The answer depends on the Endianness of the system.
a = 10 , and let &a = 1000
Byte 1003: 00001010 (Little Endian) or 00000000 (Big Endian)
Byte 1002: 00000000
Byte 1001: 00000000
Byte 1000: 00000000 (Little Endian) or 00001010 (Big Endian)
//Consider the assignment
unsigned char* p = (unsigned char*)&a; // p points to Byte 1000, so *p = 0 or *p = 10
p+=3; // p points to Byte 1003, so *p = 10 or *p = 0
//Now consider the for loop
for(i=0;i<sizeof(a);i++){ //as integer is 4 bytes, i = 4
int d=(*p)>>4; // Right Shift is division by power of 2.
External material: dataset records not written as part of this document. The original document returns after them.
(* Let $P\ge4$ be even and $\gamma>0$. For each $\beta'>0$ let $(\bar m,\bar q,\bar p)=(\bar m(\beta'),\bar q(\beta'),\bar p(\beta'))$ be a solution of $$\bar m=\mathbb E_x\tanh\Big[\tfrac P2\beta'\bar m^{P-1}+x\sqrt{\beta'\gamma\tfrac P2\bar p\,\bar q^{P/2-1}}\Big],\quad \bar q=\mathbb E_x\tanh^2\Big[\tfrac P2\beta'\bar m^{P-1}+x\sqrt{\beta'\gamma\tfrac P2\bar p\,\bar q^{P/2-1}}\Big],\quad \bar p=\beta'\bar q^{P/2},$$ where $x$ is a standard Gaussian. Assume that, as $\beta'\to\infty$, $\bar m(\beta')\to m_\infty$ and $\beta'(1-\bar q(\beta'))$ converges to a finite limit. Then $$m_\infty=\mathrm{erf}\Big[\tfrac12\sqrt{\tfrac P\gamma}\,m_\infty^{P-1}\Big].$$
   Context: These are the replica-symmetric self-consistency equations of the dense Hebbian network (with $\beta'=2\beta/P!$ the rescaled inverse temperature and $\gamma$ the storage load); $\mathrm{erf}$ is the error function. *)

theory Defs
  imports "HOL-Probability.Probability"
begin

definition gauss_E :: "(real \<Rightarrow> real) \<Rightarrow> real" where
  "gauss_E f = (LINT x|lborel. std_normal_density x * f x)"

definition erf :: "real \<Rightarrow> real" where
  "erf z = 2 / sqrt pi * (LBINT t=0..z. exp (- (t\<^sup>2)))"

definition rs_arg :: "nat \<Rightarrow> real \<Rightarrow> real \<Rightarrow> real \<Rightarrow> real \<Rightarrow> real \<Rightarrow> real \<Rightarrow> real" where
  "rs_arg P \<gamma> b m q p x =
     real P / 2 * b * m ^ (P - 1) + x * sqrt (b * \<gamma> * (real P / 2) * p * q ^ (P div 2 - 1))"

end

theory Submission
  imports Defs
begin

text \<open>
  Since \<beta>'(1 - q) converges, q tends to 1. Substituting p = \<beta>' q^(P/2), the argument of tanh
  becomes \<beta>' (A + x B) with A \<longrightarrow> (P/2) m_inf^(P-1) and B \<longrightarrow> sqrt (\<gamma> P/2) > 0.
  Hence for almost every x the integrand tends to sgn (x + A/B), and by dominated convergence
  m_inf = E sgn (x + A/B) = Pr (|x| < A/B) = erf (A / (B sqrt 2)).
\<close>

lemma interval_integral_has_real_derivative:
  fixes f :: "real \<Rightarrow> real" and c :: real
  assumes "continuous_on UNIV f"
  shows "((\<lambda>u. LBINT y=c..u. f y) has_real_derivative f x) (at x)"
proof -
  define a where "a = min c x - 1"
  define b where "b = max c x + 1"
  have "((\<lambda>u. LBINT y=c..u. f y) has_vector_derivative f x) (at x within {a..b})"
    unfolding a_def b_def by (intro interval_integral_FTC2 continuous_on_subset[OF assms]) auto
  then have "((\<lambda>u. LBINT y=c..u. f y) has_vector_derivative f x) (at x within {a<..<b})"
    by (rule has_vector_derivative_within_subset) auto
  then have "((\<lambda>u. LBINT y=c..u. f y) has_vector_derivative f x) (at x)"
    by (subst (asm) has_vector_derivative_within_open) (auto simp: a_def b_def)
  then show ?thesis
    by (simp add: has_real_derivative_iff_has_vector_derivative)
qed

lemma erf_has_real_derivative: "(erf has_real_derivative 2 / sqrt pi * exp (- x\<^sup>2)) (at x)"
  unfolding erf_def[abs_def] zero_ereal_def
  by (intro DERIV_cmult interval_integral_has_real_derivative continuous_intros)

lemma erf_0: "erf 0 = 0"
  by (simp add: erf_def zero_ereal_def)

lemma erf_minus: "erf (- x) = - erf x"
proof -
  have "((\<lambda>x. erf (- x) + erf x) has_real_derivative 0) (at y)" for y
    using DERIV_add[OF DERIV_chain2[OF erf_has_real_derivative DERIV_minus[OF DERIV_ident]]
        erf_has_real_derivative]
    by simp
  then have "erf (- x) + erf x = erf (- 0) + erf 0" using DERIV_isconst_all by blast
  then show ?thesis by (simp add: erf_0)
qed

lemma erf_scaled_has_real_derivative:
  "((\<lambda>x. erf (x / sqrt 2) / 2) has_real_derivative std_normal_density x) (at x)"
proof -
  have "((\<lambda>x. erf (x / sqrt 2) / 2) has_real_derivative
      2 / sqrt pi * exp (- (x / sqrt 2)\<^sup>2) * (1 / sqrt 2) / 2) (at x)"
    using DERIV_chain2[OF erf_has_real_derivative DERIV_cdivide[OF DERIV_ident, of "sqrt 2"]]
    by (intro DERIV_cdivide) simp
  moreover have "2 / sqrt pi * exp (- (x / sqrt 2)\<^sup>2) * (1 / sqrt 2) / 2 = std_normal_density x"
    by (simp add: std_normal_density_def power_divide real_sqrt_mult field_simps)
  ultimately show ?thesis by simp
qed

lemma interval_integral_std_normal_density_symmetric:
  "(LBINT x=-a..a. std_normal_density x) = erf (a / sqrt 2)"
proof -
  have continuous: "continuous_on UNIV std_normal_density"
    unfolding std_normal_density_def by (intro continuous_intros) simp
  have "((\<lambda>x. erf (x / sqrt 2) / 2) has_vector_derivative std_normal_density x) (at x)" for x
    using erf_scaled_has_real_derivative by (simp add: has_real_derivative_iff_has_vector_derivative)
  then have "(LBINT x=-a..a. std_normal_density x) = erf (a / sqrt 2) / 2 - erf (- a / sqrt 2) / 2"
    by (intro interval_integral_FTC_finite continuous_on_subset[OF continuous])
      (auto intro: has_vector_derivative_at_within)
  then show ?thesis by (simp add: erf_minus)
qed

lemma integral_std_normal_density_sgn:
  "(\<integral>x. std_normal_density x * sgn (x + c) \<partial>lborel) = erf (c / sqrt 2)"
proof -
  let ?H = "\<integral>x. std_normal_density x * sgn (x + c) \<partial>lborel"
  let ?open = "\<lambda>x. indicator {-\<bar>c\<bar><..<\<bar>c\<bar>} x *\<^sub>R std_normal_density x"
  let ?closed = "\<lambda>x. indicator {-\<bar>c\<bar>..\<bar>c\<bar>} x *\<^sub>R std_normal_density x"
  have integrable_sgn: "integrable lborel (\<lambda>x. std_normal_density x * sgn (g x))"
    if "g \<in> borel_measurable lborel" for g :: "real \<Rightarrow> real"
    using that
    by (intro Bochner_Integration.integrable_bound[OF integrable_normal_density])
      (auto simp: abs_mult sgn_real_def)
  have "std_normal_density (- x) = std_normal_density x" for x
    by (simp add: std_normal_density_def)
  then have reflect: "?H = (\<integral>x. std_normal_density x * sgn (c - x) \<partial>lborel)"
    using lborel_integral_real_affine[of "-1" "\<lambda>x. std_normal_density x * sgn (x + c)" 0]
    by simp
  have open_closed: "integral\<^sup>L lborel ?open = erf (\<bar>c\<bar> / sqrt 2)"
    "integral\<^sup>L lborel ?closed = erf (\<bar>c\<bar> / sqrt 2)"
    using interval_integral_Ioo[of "-\<bar>c\<bar>" "\<bar>c\<bar>" std_normal_density]
      interval_integral_Icc[of "-\<bar>c\<bar>" "\<bar>c\<bar>" std_normal_density]
      interval_integral_std_normal_density_symmetric[of "\<bar>c\<bar>"]
    unfolding set_lebesgue_integral_def by simp_all
  \<comment> \<open>Averaging the open and the closed indicator makes the identity hold also at x = \<plusminus>c.\<close>
  have sgn_sum: "sgn (x + c) + sgn (c - x) =
      sgn c * (indicator {-\<bar>c\<bar><..<\<bar>c\<bar>} x + indicator {-\<bar>c\<bar>..\<bar>c\<bar>} x)" for x :: real
    by (simp add: indicator_def sgn_real_def abs_real_def)
  have "2 * ?H = ?H + (\<integral>x. std_normal_density x * sgn (c - x) \<partial>lborel)"
    using reflect by simp
  also have "\<dots> = (\<integral>x. std_normal_density x * sgn (x + c) +
      std_normal_density x * sgn (c - x) \<partial>lborel)"
    by (intro Bochner_Integration.integral_add[symmetric] integrable_sgn) simp_all
  also have "\<dots> = (\<integral>x. sgn c * (?open x + ?closed x) \<partial>lborel)"
    by (intro Bochner_Integration.integral_cong refl)
      (simp only: distrib_left[symmetric] sgn_sum, simp add: algebra_simps)
  also have "\<dots> = sgn c * (integral\<^sup>L lborel ?open + integral\<^sup>L lborel ?closed)"
    using integrable_mult_indicator[OF _ integrable_normal_density]
    by (simp only: Bochner_Integration.integral_mult_right_zero Bochner_Integration.integral_add
        sets_lborel atLeastAtMost_borel greaterThanLessThan_borel)
  also have "\<dots> = 2 * (sgn c * erf (\<bar>c\<bar> / sqrt 2))"
    using open_closed by simp
  also have "sgn c * erf (\<bar>c\<bar> / sqrt 2) = erf (c / sqrt 2)"
    by (cases c "0::real" rule: linorder_cases) (auto simp: erf_minus erf_0)
  finally show ?thesis by simp
qed

lemma tendsto_tanh_mult_at_top:
  fixes C :: "real \<Rightarrow> real"
  assumes "(C \<longlongrightarrow> y) at_top" and "y \<noteq> 0"
  shows "((\<lambda>b. tanh (b * C b)) \<longlongrightarrow> sgn y) at_top"
proof (cases "y > 0")
  case True
  have "filterlim (\<lambda>b. b * C b) at_top at_top"
    by (rule filterlim_at_top_mult_tendsto_pos[OF assms(1) True filterlim_ident])
  from filterlim_compose[OF tanh_real_at_top this] True show ?thesis by simp
next
  case False
  with assms(2) have "y < 0" by simp
  have "((\<lambda>b. - C b) \<longlongrightarrow> - y) at_top" by (intro tendsto_intros assms(1))
  then have "filterlim (\<lambda>b. b * (- C b)) at_top at_top"
    by (rule filterlim_at_top_mult_tendsto_pos[OF _ _ filterlim_ident]) (use \<open>y < 0\<close> in simp)
  then have "filterlim (\<lambda>b. b * C b) at_bot at_top"
    by (simp add: filterlim_uminus_at_top)
  from filterlim_compose[OF tanh_real_at_bot this] \<open>y < 0\<close> show ?thesis by simp
qed

lemma tendsto_gauss_E_tanh_at_top:
  fixes A B :: "real \<Rightarrow> real"
  assumes A: "(A \<longlongrightarrow> a) at_top" and B: "(B \<longlongrightarrow> c) at_top" and "c > 0"
  shows "((\<lambda>b. gauss_E (\<lambda>x. tanh (b * (A b + x * B b)))) \<longlongrightarrow> erf (a / (c * sqrt 2))) at_top"
proof -
  define s where "s b x = std_normal_density x * tanh (b * (A b + x * B b))" for b x
  define f where "f x = std_normal_density x * sgn (x + a / c)" for x
  have "((\<lambda>b. integral\<^sup>L lborel (s b)) \<longlongrightarrow> integral\<^sup>L lborel f) at_top"
  proof (rule integral_dominated_convergence_at_top[where w = std_normal_density])
    show "f \<in> borel_measurable lborel" unfolding f_def by measurable
    show "s b \<in> borel_measurable lborel" for b
      unfolding s_def measurable_lborel2 std_normal_density_def
      by (intro borel_measurable_continuous_onI continuous_intros)
        (auto simp: cosh_real_pos[THEN less_imp_neq, symmetric])
    show "integrable lborel std_normal_density" by simp
    have "\<bar>tanh y\<bar> \<le> 1" for y :: real
      using tanh_real_bounds[of y] by (simp add: abs_le_iff less_imp_le)
    then show "\<forall>\<^sub>F b in at_top. AE x in lborel. norm (s b x) \<le> std_normal_density x"
      by (intro always_eventually allI AE_I2) (simp add: s_def abs_mult mult_left_le)
    show "AE x in lborel. ((\<lambda>b. s b x) \<longlongrightarrow> f x) at_top"
      using AE_lborel_singleton[of "- a / c"]
    proof eventually_elim
      fix x :: real
      assume "x \<noteq> - a / c"
      with \<open>c > 0\<close> have "a + x * c \<noteq> 0" by (auto simp: field_simps)
      have "((\<lambda>b. A b + x * B b) \<longlongrightarrow> a + x * c) at_top" by (intro tendsto_intros A B)
      from tendsto_tanh_mult_at_top[OF this \<open>a + x * c \<noteq> 0\<close>]
      have "((\<lambda>b. s b x) \<longlongrightarrow> std_normal_density x * sgn (a + x * c)) at_top"
        unfolding s_def by (intro tendsto_intros)
      moreover have "sgn (a + x * c) = sgn (x + a / c)"
        using \<open>c > 0\<close> sgn_mult[of c "x + a / c"] by (simp add: field_simps)
      ultimately show "((\<lambda>b. s b x) \<longlongrightarrow> f x) at_top" by (simp add: f_def)
    qed
  qed
  moreover have "integral\<^sup>L lborel f = erf (a / (c * sqrt 2))"
    unfolding f_def integral_std_normal_density_sgn by simp
  ultimately show ?thesis by (simp add: gauss_E_def s_def[abs_def])
qed

lemma tendsto_0_if_tendsto_mult_at_top:
  fixes f :: "real \<Rightarrow> real"
  assumes "((\<lambda>x. x * f x) \<longlongrightarrow> L) at_top"
  shows "(f \<longlongrightarrow> 0) at_top"
proof -
  have "((\<lambda>x. x * f x * (1 / x)) \<longlongrightarrow> L * 0) at_top"
    by (intro tendsto_mult assms tendsto_divide_0[OF tendsto_const]
        filterlim_ident filterlim_at_top_imp_at_infinity)
  moreover have "\<forall>\<^sub>F x in at_top. x * f x * (1 / x) = f x"
    using eventually_gt_at_top[of 0] by eventually_elim simp
  ultimately show ?thesis by (simp add: tendsto_cong)
qed

lemma rs_arg_factor:
  assumes "even P" and "P \<ge> 2" and "b > 0" and "p = b * q ^ (P div 2)"
  shows "rs_arg P \<gamma> b m q p x =
    b * (real P / 2 * m ^ (P - 1) + x * sqrt (\<gamma> * (real P / 2) * q ^ (P - 1)))"
proof -
  from assms(1,2) have "P div 2 + (P div 2 - 1) = P - 1" by (elim evenE) auto
  with assms(4) have "b * \<gamma> * (real P / 2) * p * q ^ (P div 2 - 1) =
      b\<^sup>2 * (\<gamma> * (real P / 2) * q ^ (P - 1))"
    by (simp add: power2_eq_square flip: power_add)
  then have "sqrt (b * \<gamma> * (real P / 2) * p * q ^ (P div 2 - 1)) =
      sqrt (b\<^sup>2) * sqrt (\<gamma> * (real P / 2) * q ^ (P - 1))"
    by (simp only: real_sqrt_mult)
  with \<open>b > 0\<close> have "sqrt (b * \<gamma> * (real P / 2) * p * q ^ (P div 2 - 1)) =
      b * sqrt (\<gamma> * (real P / 2) * q ^ (P - 1))"
    by simp
  then show ?thesis by (simp add: rs_arg_def algebra_simps)
qed

lemma half_divide_sqrt_eq:
  fixes n \<gamma> y :: real
  assumes "n > 0" and "\<gamma> > 0"
  shows "n / 2 * y / (sqrt (\<gamma> * (n / 2)) * sqrt 2) = 1/2 * sqrt (n / \<gamma>) * y"
proof -
  have "sqrt (\<gamma> * (n / 2)) * sqrt 2 = sqrt \<gamma> * sqrt n"
    by (simp flip: real_sqrt_mult)
  moreover have "sqrt n > 0" "sqrt \<gamma> > 0" using assms by simp_all
  ultimately show ?thesis by (simp add: real_sqrt_divide field_simps)
qed

theorem theorem5:
  fixes P :: nat and \<gamma> :: real
    and m q p :: "real \<Rightarrow> real" and m_inf :: real
  assumes "even P" and "P \<ge> 4" and "\<gamma> > 0"
    and "\<And>b. b > 0 \<Longrightarrow> m b = gauss_E (\<lambda>x. tanh (rs_arg P \<gamma> b (m b) (q b) (p b) x))"
    and "\<And>b. b > 0 \<Longrightarrow> q b = gauss_E (\<lambda>x. (tanh (rs_arg P \<gamma> b (m b) (q b) (p b) x))\<^sup>2)"
    and "\<And>b. b > 0 \<Longrightarrow> p b = b * q b ^ (P div 2)"
    and "(m \<longlongrightarrow> m_inf) at_top"
    and "\<exists>L. ((\<lambda>b. b * (1 - q b)) \<longlongrightarrow> L) at_top"
  shows "m_inf = erf (1/2 * sqrt (real P / \<gamma>) * m_inf ^ (P - 1))"
proof -
  obtain L where "((\<lambda>b. b * (1 - q b)) \<longlongrightarrow> L) at_top" using assms(8) by blast
  then have "((\<lambda>b. 1 - q b) \<longlongrightarrow> 0) at_top" by (rule tendsto_0_if_tendsto_mult_at_top)
  then have q_lim: "(q \<longlongrightarrow> 1) at_top"
    using tendsto_diff[OF tendsto_const[of 1], of "\<lambda>b. 1 - q b" 0] by simp
  define A where "A b = real P / 2 * m b ^ (P - 1)" for b
  define B where "B b = sqrt (\<gamma> * (real P / 2) * q b ^ (P - 1))" for b
  have A_lim: "(A \<longlongrightarrow> real P / 2 * m_inf ^ (P - 1)) at_top"
    unfolding A_def by (intro tendsto_intros assms(7))
  have B_lim: "(B \<longlongrightarrow> sqrt (\<gamma> * (real P / 2))) at_top"
    using tendsto_real_sqrt[OF tendsto_mult_left[OF tendsto_power[OF q_lim, of "P - 1"]],
        of "\<gamma> * (real P / 2)"]
    unfolding B_def by simp
  have B_pos: "sqrt (\<gamma> * (real P / 2)) > 0" using assms(2,3) by simp
  have arg: "rs_arg P \<gamma> b (m b) (q b) (p b) x = b * (A b + x * B b)" if "b > 0" for b x
    using assms(1,2) assms(6)[OF that] that by (simp add: rs_arg_factor A_def B_def)
  have "\<forall>\<^sub>F b in at_top. gauss_E (\<lambda>x. tanh (b * (A b + x * B b))) = m b"
    using eventually_gt_at_top[of 0] by eventually_elim (subst assms(4), simp_all add: arg)
  with tendsto_gauss_E_tanh_at_top[OF A_lim B_lim B_pos] have
    "(m \<longlongrightarrow> erf (real P / 2 * m_inf ^ (P - 1) / (sqrt (\<gamma> * (real P / 2)) * sqrt 2))) at_top"
    by (rule Lim_transform_eventually)
  with assms(7) have "m_inf = erf (real P / 2 * m_inf ^ (P - 1) / (sqrt (\<gamma> * (real P / 2)) * sqrt 2))"
    by (rule tendsto_unique[OF trivial_limit_at_top_linorder])
  also have "real P / 2 * m_inf ^ (P - 1) / (sqrt (\<gamma> * (real P / 2)) * sqrt 2) =
      1/2 * sqrt (real P / \<gamma>) * m_inf ^ (P - 1)"
    using assms(2,3) by (intro half_divide_sqrt_eq) simp_all
  finally show ?thesis .
qed

end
//So d = (*p)/2^4 = 0 (doesn't matter if *p is 0 or 10)
// for all the 4 loops, 1st 4 bits will be arr[0]
printf("\n%s",arr[d]);//it will print arr[0] which is 0000.
d = (*p) & 0xf;
// bitwise AND of *p with all 1's --> either 10 is assigned to d or 0 is assigned to d.
printf("%s\n",arr[d]);
// so it will print arr[0] which is 0000, or it will print arr[10]. which is 1010.
p--;
/* it will decrement p by 1. So we go to Byte 1002. This will print arr[0] for both printf's.
The loop after that (Byte 1001) will also print arr[0] for both printf's.
*/
/*
If printf is 00001010 in Byte 1003, then printf will be 00000000 in Byte 0.
This leads to the output 00001010 00000000 00000000 00000000.
If printf is 00000000 in Byte 1003, then printf will be 00001010 in Byte 0.
This leads to the output 00000000 00000000 00000000 00001010.
*/
}
Hence the solution may be either option a (big-endian) or option b (little-endian).